■ TASK DESCRIPTION:
Set down exactly, and only, the lines from the one with "using xs(5) by" to the final line of the entries, both included.

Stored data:
=====
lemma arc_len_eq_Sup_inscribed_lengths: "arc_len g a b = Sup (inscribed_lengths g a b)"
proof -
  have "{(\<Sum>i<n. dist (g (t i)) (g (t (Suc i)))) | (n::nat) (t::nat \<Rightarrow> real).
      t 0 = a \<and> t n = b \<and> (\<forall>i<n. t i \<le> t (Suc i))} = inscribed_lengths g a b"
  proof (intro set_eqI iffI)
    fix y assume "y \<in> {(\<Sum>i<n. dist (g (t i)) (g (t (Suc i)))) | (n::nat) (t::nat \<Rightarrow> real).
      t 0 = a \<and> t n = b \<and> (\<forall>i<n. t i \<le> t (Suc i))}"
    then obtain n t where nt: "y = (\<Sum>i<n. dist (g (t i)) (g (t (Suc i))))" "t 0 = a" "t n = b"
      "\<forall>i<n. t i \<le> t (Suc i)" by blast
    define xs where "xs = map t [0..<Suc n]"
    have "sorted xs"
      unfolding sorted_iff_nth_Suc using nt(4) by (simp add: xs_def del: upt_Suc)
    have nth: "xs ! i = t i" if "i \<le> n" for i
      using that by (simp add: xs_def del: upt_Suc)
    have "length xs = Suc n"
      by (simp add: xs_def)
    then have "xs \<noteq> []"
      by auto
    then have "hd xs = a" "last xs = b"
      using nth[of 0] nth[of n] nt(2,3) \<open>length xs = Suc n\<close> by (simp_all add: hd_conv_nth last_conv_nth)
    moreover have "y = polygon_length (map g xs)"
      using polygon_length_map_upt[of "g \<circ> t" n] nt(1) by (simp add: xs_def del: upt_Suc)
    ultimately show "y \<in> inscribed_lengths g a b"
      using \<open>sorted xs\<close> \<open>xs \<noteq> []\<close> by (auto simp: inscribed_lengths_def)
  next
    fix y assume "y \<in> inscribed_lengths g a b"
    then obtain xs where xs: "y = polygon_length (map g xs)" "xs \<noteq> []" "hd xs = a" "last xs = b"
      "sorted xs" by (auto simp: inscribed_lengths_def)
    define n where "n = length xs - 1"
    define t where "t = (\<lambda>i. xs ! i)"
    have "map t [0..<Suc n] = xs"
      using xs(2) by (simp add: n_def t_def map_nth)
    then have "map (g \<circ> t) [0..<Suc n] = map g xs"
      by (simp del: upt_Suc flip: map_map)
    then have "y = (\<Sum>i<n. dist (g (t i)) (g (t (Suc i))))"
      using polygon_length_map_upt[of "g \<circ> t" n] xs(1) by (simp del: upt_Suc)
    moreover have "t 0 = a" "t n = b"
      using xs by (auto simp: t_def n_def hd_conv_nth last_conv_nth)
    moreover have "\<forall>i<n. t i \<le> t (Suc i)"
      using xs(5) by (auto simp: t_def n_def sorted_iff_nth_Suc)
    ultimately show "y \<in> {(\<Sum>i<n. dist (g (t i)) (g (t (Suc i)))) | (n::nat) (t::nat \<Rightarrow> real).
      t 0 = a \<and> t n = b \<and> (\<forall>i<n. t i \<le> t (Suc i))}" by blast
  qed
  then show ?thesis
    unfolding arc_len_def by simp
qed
=====
■ EXPECTED ANSWER:
      using xs(5) by (auto simp: t_def n_def sorted_iff_nth_Suc)
    ultimately show "y \<in> {(\<Sum>i<n. dist (g (t i)) (g (t (Suc i)))) | (n::nat) (t::nat \<Rightarrow> real).
      t 0 = a \<and> t n = b \<and> (\<forall>i<n. t i \<le> t (Suc i))}" by blast
  qed
  then show ?thesis
    unfolding arc_len_def by simp
qed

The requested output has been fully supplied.